As well as attending lessons, the older children rode out every day except Sunday with Captain Collinson, the agent, or Hooper. Although most of the children regarded Hooper as a grumpy old devil, Pam always referred to him as ‘Hoops. Sweet Hoops ...’13 David could no longer ride: in the early days at Asthall his horse had reared up and fell on him, breaking his pelvis and afterwards riding became too uncomfortable. Sydney, who as a débutante had been a keen rider, had long ago given it up, but Nancy, Diana and, later, Debo were good horsewomen, and hunted side-saddle with the local pack of foxhounds, the Heythrop. They were joined by any visiting cousins on the daily rides, Rosemary and Clementine Mitford (daughters of the late
Uncle Clement), for example, who often stayed at Asthall while their mother spent the winter in the Sudan, where her second husband was a government game warden. ‘I remember riding a huge horse as a small child,’ Clementine wrote, recalling a less than happy incident sixty-five years earlier when she was eight and Nancy was eighteen, ‘and Nancy and Pam cantering ahead; Nancy looking like a Constantin Guys drawing, and Pam - not so glamorous but kinder to poor me. And Hooper, so disapproving (almost like a male Blor) I suppose because my riding clothes were all wrong. I remember the torture and embarrassment of the stirrup leathers biting into one’s legs because I was wearing socks and thin knickers ...’14
Neither Tom, Unity nor Decca ever took to hunting, though Diana tried patiently to teach Decca to trot round a field on her little pony Joey. On Sundays they all went out coursing with David and one of his brothers, ‘Uncle Tommy’, who came to luncheon and brought his whippet. They enjoyed these physically active days, beating through fields of winter crops to put up hares. When one jumped up, the whippet and David’s lurcher would be unleashed, while David and Uncle Tommy leaned on their thumb-sticks and watched with countrymen’s interest in venery. Since Sydney would never allow hares to be eaten, the children could never think what happened to those killed by the hounds after David popped them into the hare pockets he had designed into all his country clothes. Probably they were presented to his workers or tenants.

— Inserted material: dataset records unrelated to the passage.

lemma segment_descent_contraction:
  fixes F :: "'a::real_normed_vector \<Rightarrow> real"
  assumes "convex S" "x \<in> S" "z \<in> S" "0 < \<mu>" "0 \<le> L" "linear l"
    and descent: "\<And>y. y \<in> S \<Longrightarrow> F x' \<le> F x + l (y - x) + L / 2 * (norm (y - x))\<^sup>2"
    and tangent: "l (z - x) \<le> F z - F x"
    and growth: "\<mu> / 2 * (norm (z - x))\<^sup>2 \<le> F x - F z"
  shows "F x' - F z \<le> linear_rate \<mu> L * (F x - F z)"
proof (rule linear_rate_bound[OF _ \<open>0 < \<mu>\<close> \<open>0 \<le> L\<close>])
  show "0 \<le> F x - F z"
    using growth \<open>0 < \<mu>\<close> by (smt (verit) zero_le_power2 divide_nonneg_pos mult_nonneg_nonneg)
  fix t :: real
  assume t: "0 \<le> t" "t \<le> 1"
  have "x + t *\<^sub>R (z - x) = (1 - t) *\<^sub>R x + t *\<^sub>R z"
    by (simp add: algebra_simps)
  then have "x + t *\<^sub>R (z - x) \<in> S"
    using convexD[OF \<open>convex S\<close> \<open>x \<in> S\<close> \<open>z \<in> S\<close>, of "1 - t" t] t by simp
  from descent[OF this] have "F x' \<le> F x + t * l (z - x) + L / 2 * (t\<^sup>2 * (norm (z - x))\<^sup>2)"
    using t linear_scale[OF \<open>linear l\<close>] by (simp add: power_mult_distrib)
  also have "\<dots> \<le> F x + t * (F z - F x) + L / 2 * (t\<^sup>2 * (2 * (F x - F z) / \<mu>))"
    using t tangent growth \<open>0 < \<mu>\<close> \<open>0 \<le> L\<close>
    by (intro add_mono mult_left_mono) (auto simp: field_simps)
  finally show "F x' - F z \<le> (1 - t) * (F x - F z) + L * t\<^sup>2 * (F x - F z) / \<mu>"
    using \<open>0 < \<mu>\<close> by (simp add: field_simps)
qed

lemma proximal_step_contraction:
  assumes L: "LfA f A = ereal L" "0 \<le> L" and \<mu>: "mustar f A = ereal \<mu>" "0 < \<mu>"
    and cont: "continuous_on unit_simplex (\<lambda>y. f (A *v y))"
    and tangent: "\<And>u v. u \<in> convA A \<Longrightarrow> v \<in> convA A \<Longrightarrow> grad f u \<bullet> (v - u) \<le> f v - f u"
    and x: "x \<in> unit_simplex" and x': "x' \<in> unit_simplex"
    and prox: "\<forall>y\<in>unit_simplex.
          f (A *v x) + grad f (A *v x) \<bullet> (A *v (x' - x)) + L / 2 * (norm (x' - x))\<^sup>2
          \<le> f (A *v x) + grad f (A *v x) \<bullet> (A *v (y - x)) + L / 2 * (norm (y - x))\<^sup>2"
  shows "f (A *v x') - fstar f A \<le> linear_rate \<mu> L * (f (A *v x) - fstar f A)"
proof -
  obtain z where z: "z \<in> Zstar f A" and dz: "infdist x (Zstar f A) = dist x z"
    using infdist_attains_inf[OF closed_Zstar[OF cont] Zstar_nonempty[OF cont]] by blast
  then have zS: "z \<in> unit_simplex" and fz: "f (A *v z) = fstar f A"
    unfolding Zstar_def by auto
  have "f (A *v x') - f (A *v z) \<le> linear_rate \<mu> L * (f (A *v x) - f (A *v z))"
  proof (rule segment_descent_contraction[OF convex_unit_simplex x zS \<mu>(2) L(2)])
    show "linear (\<lambda>v. grad f (A *v x) \<bullet> (A *v v))"
      by (intro linearI) (simp_all add: matrix_vector_right_distrib matrix_vector_mult_scaleR inner_add_right)
    show "f (A *v x') \<le> f (A *v x) + grad f (A *v x) \<bullet> (A *v (y - x)) + L / 2 * (norm (y - x))\<^sup>2"
      if "y \<in> unit_simplex" for y
      using LfA_upper_bound[OF L x x'] prox that by fastforce
    show "grad f (A *v x) \<bullet> (A *v (z - x)) \<le> f (A *v z) - f (A *v x)"
      using tangent x zS unfolding convA_def by (simp add: matrix_vector_mult_diff_distrib)
    show "\<mu> / 2 * (norm (z - x))\<^sup>2 \<le> f (A *v x) - f (A *v z)"
      using mustar_quadratic_growth[OF \<mu>(1) x fstar_le[OF cont x]] dz fz
      by (simp add: dist_norm norm_minus_commute)
  qed
  with fz show ?thesis by simp
qed

lemma le_power_mult_of_contraction:
  fixes e :: "nat \<Rightarrow> 'a::linordered_semiring_1"
  assumes "\<And>k. e (Suc k) \<le> r * e k" and "0 \<le> r"
  shows "e k \<le> r ^ k * e 0"
proof (induction k)
  case (Suc k)
  have "e (Suc k) \<le> r * e k"
    by (fact assms(1))
  also have "\<dots> \<le> r * (r ^ k * e 0)"
    using Suc assms(2) by (rule mult_left_mono)
  finally show ?case
    by (simp add: mult.assoc)
qed simp
lemma Pi_zero_mem: "f \<in> Pi_zero I S \<Longrightarrow> i \<in> I \<Longrightarrow> f i \<in> S i"
  by (simp add: Pi_zero_def)

lemma Pi_zero_outside: "f \<in> Pi_zero I S \<Longrightarrow> i \<notin> I \<Longrightarrow> f i = 0"
  by (simp add: Pi_zero_def)

lemma Pi_zero_Collect: "Pi_zero I (\<lambda>i. {z \<in> S i. P i z}) = {f \<in> Pi_zero I S. \<forall>i\<in>I. P i (f i)}"
  by (auto simp: Pi_zero_def)

lemma Pi_zero_mod:
  "0 < (m::int) \<Longrightarrow> (\<lambda>i. if i \<in> I then f i mod m else 0) \<in> Pi_zero I (\<lambda>_. {0..m - 1})"
  by (simp add: Pi_zero_def zle_diff1_eq)

lemma Pi_zero_mod_eq:
  assumes "f \<in> Pi_zero I (\<lambda>_. {0..m - 1})"
  shows "(\<lambda>i. if i \<in> I then f i mod m else 0) = (f :: _ \<Rightarrow> int)"
proof
  fix i show "(if i \<in> I then f i mod m else 0) = f i"
    using Pi_zero_mem[OF assms, of i] Pi_zero_outside[OF assms, of i] by (cases "i \<in> I") auto
qed

lemma bij_betw_restrict_Pi_zero: "bij_betw (\<lambda>f. restrict f I) (Pi_zero I S) (PiE I S)"
  by (rule bij_betw_byWitness[where f' = "\<lambda>g i. if i \<in> I then g i else 0"])
    (auto simp: Pi_zero_def PiE_def extensional_def fun_eq_iff)

lemma card_Pi_zero: "finite I \<Longrightarrow> card (Pi_zero I S) = (\<Prod>i\<in>I. card (S i))"
  by (simp add: bij_betw_same_card[OF bij_betw_restrict_Pi_zero] card_PiE)

lemma finite_Pi_zero: "finite I \<Longrightarrow> (\<And>i. i \<in> I \<Longrightarrow> finite (S i)) \<Longrightarrow> finite (Pi_zero I S)"
  by (simp add: bij_betw_finite[OF bij_betw_restrict_Pi_zero] finite_PiE)

section \<open>The group \<open>G\<^sub>n\<close>\<close>

lemma An_carrier_Pi_zero: "An_carrier n = {0..2} \<times> Pi_zero {1..n} (\<lambda>_. {0..8})"
  by (auto simp: An_carrier_def Pi_zero_def)

lemma Gn_carrier_Pi_zero: "carrier (Gn n) = Pi_zero {1..n} (\<lambda>_. {0..2}) \<times> An_carrier n"
  by (auto simp: Gn_def Pi_zero_def)

lemma Gn_mult: "(c, x) \<otimes>\<^bsub>Gn n\<^esub> (d, y) =
    ((\<lambda>i. if i \<in> {1..n} then (c i + d i + theta n x y i) mod 3 else 0), An_add n x y)"
  by (simp add: Gn_def)

lemma Gn_one: "\<one>\<^bsub>Gn n\<^esub> = ((\<lambda>_. 0), An_zero)"
  by (simp add: Gn_def An_zero_def)

lemma theta_eq: "i \<in> {1..n} \<Longrightarrow> theta n x y i = (fst x * snd y i) mod 3"
  by (simp add: theta_def pi0_def pii_def mod_mult_eq)

lemma theta_outside: "i \<notin> {1..n} \<Longrightarrow> theta n x y i = 0"
  unfolding theta_def by (simp only: if_not_P if_False)

lemma theta_eq_iff:
  "theta n x y = theta n u v \<longleftrightarrow> (\<forall>i\<in>{1..n}. theta n x y i = theta n u v i)"
  unfolding fun_eq_iff by (metis theta_outside)

lemma theta_mod: "theta n x y i mod 3 = theta n x y i"
  by (simp add: theta_def)

lemma theta_An_add_left:
  "i \<in> {1..n} \<Longrightarrow> theta n (An_add n x y) z i = (theta n x z i + theta n y z i) mod 3"
  by (simp add: theta_eq An_add_def mod_simps algebra_simps)

lemma theta_An_add_right:
  "i \<in> {1..n} \<Longrightarrow> theta n x (An_add n y z) i = (theta n x y i + theta n x z i) mod 3"
  by (simp add: theta_eq An_add_def mod_simps mult_mod_mod_cancel algebra_simps)

lemma theta_An_zero_left: "theta n An_zero y = (\<lambda>_. 0)"
  by (simp add: theta_def An_zero_def pi0_def fun_eq_iff)

lemma theta_An_zero_right: "theta n x An_zero = (\<lambda>_. 0)"
  by (simp add: theta_def An_zero_def pii_def fun_eq_iff)

lemma An_add_assoc: "An_add n (An_add n x y) z = An_add n x (An_add n y z)"
  by (simp add: An_add_def mod_simps add.assoc fun_eq_iff)

lemma An_add_commute: "An_add n x y = An_add n y x"
  by (simp add: An_add_def add.commute fun_eq_iff)

lemma An_add_zero_left:
  assumes "x \<in> An_carrier n"
  shows "An_add n An_zero x = x"
proof -
  obtain a0 a where x: "x = (a0, a)" and a0: "a0 \<in> {0..2}" and a: "a \<in> Pi_zero {1..n} (\<lambda>_. {0..8})"
    using assms by (auto simp: An_carrier_Pi_zero)
  have "(\<lambda>i. if i \<in> {1..n} then a i mod 9 else 0) = a"
    using a by (rule Pi_zero_mod_eq[of _ _ 9, simplified])
  moreover have "An_add n An_zero (a0, a) = (a0 mod 3, (\<lambda>i. if i \<in> {1..n} then a i mod 9 else 0))"
    by (simp add: An_add_def An_zero_def fun_eq_iff)
  ultimately show ?thesis using a0 by (simp add: x)
qed

lemma An_add_closed: "An_add n x y \<in> An_carrier n"
  unfolding An_add_def An_carrier_Pi_zero mem_Times_iff fst_conv snd_conv
  by (intro conjI Pi_zero_mod[of 9, simplified]) simp

lemma Gn_assoc: "(x \<otimes>\<^bsub>Gn n\<^esub> y) \<otimes>\<^bsub>Gn n\<^esub> z = x \<otimes>\<^bsub>Gn n\<^esub> (y \<otimes>\<^bsub>Gn n\<^esub> z)"
proof -
  obtain c a d b e u where xyz: "x = (c, a)" "y = (d, b)" "z = (e, u)"
    by (cases x, cases y, cases z) blast
  have "(if i \<in> {1..n} then ((if i \<in> {1..n} then (c i + d i + theta n a b i) mod 3 else 0)
          + e i + theta n (An_add n a b) u i) mod 3 else 0) =
        (if i \<in> {1..n} then (c i + (if i \<in> {1..n} then (d i + e i + theta n b u i) mod 3 else 0)
          + theta n a (An_add n b u) i) mod 3 else 0)" for i
  proof (cases "i \<in> {1..n}")
    case i: True
    have "((c i + d i + theta n a b i) mod 3 + e i + theta n (An_add n a b) u i) mod 3 =
        (c i + d i + theta n a b i + e i + (theta n a u i + theta n b u i)) mod 3"
      by (simp only: theta_An_add_left[OF i] mod_add_mod_add_mod)
    also have "\<dots> = (d i + e i + theta n b u i + c i + (theta n a b i + theta n a u i)) mod 3"
      by (simp only: add.assoc add.commute add.left_commute)
    also have "\<dots> = ((d i + e i + theta n b u i) mod 3 + c i + theta n a (An_add n b u) i) mod 3"
      by (simp only: theta_An_add_right[OF i] mod_add_mod_add_mod)
    finally show ?thesis
      using i by (simp only: if_True add.commute[of "(d i + e i + theta n b u i) mod 3" "c i"])
  qed (simp only: if_False)
  then show ?thesis
    unfolding xyz Gn_mult An_add_assoc by simp
qed

lemma Gn_closed: "x \<otimes>\<^bsub>Gn n\<^esub> y \<in> carrier (Gn n)"
  unfolding Gn_carrier_Pi_zero mem_Times_iff
  by (cases x, cases y) (simp only: Gn_mult fst_conv snd_conv, intro conjI Pi_zero_mod[of 3, simplified] An_add_closed)

lemma Gn_one_closed: "\<one>\<^bsub>Gn n\<^esub> \<in> carrier (Gn n)"
  by (simp add: Gn_one Gn_carrier_Pi_zero Pi_zero_def An_zero_def An_carrier_Pi_zero)

lemma Gn_one_left:
  assumes "x \<in> carrier (Gn n)"
  shows "\<one>\<^bsub>Gn n\<^esub> \<otimes>\<^bsub>Gn n\<^esub> x = x"
proof -
  obtain c a where x: "x = (c, a)" and c: "c \<in> Pi_zero {1..n} (\<lambda>_. {0..2})" and a: "a \<in> An_carrier n"
    using assms by (auto simp: Gn_carrier_Pi_zero)
  have "(\<lambda>i. if i \<in> {1..n} then c i mod 3 else 0) = c"
    using c by (rule Pi_zero_mod_eq[of _ _ 3, simplified])
  then show ?thesis
    by (simp add: x Gn_one Gn_mult theta_An_zero_left An_add_zero_left[OF a] cong: if_cong)
qed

The children’s enjoyment of field sports, which bred in most of them a oneness with the annual rhythms of their environment, did not stretch to condoning the traps set in the pheasant coverts by David’s gamekeeper, Steele, who regarded anything that was not a pheasant as ‘vermin’. As well as stoats, weasels and foxes, the bloody victims of these monstrous contraptions sometimes included hedgehogs, badgers and even the occasional feral cat. All the children made it a point of honour to visit the traps regularly and spring the captives, to the fury of the gamekeeper whom they all hated.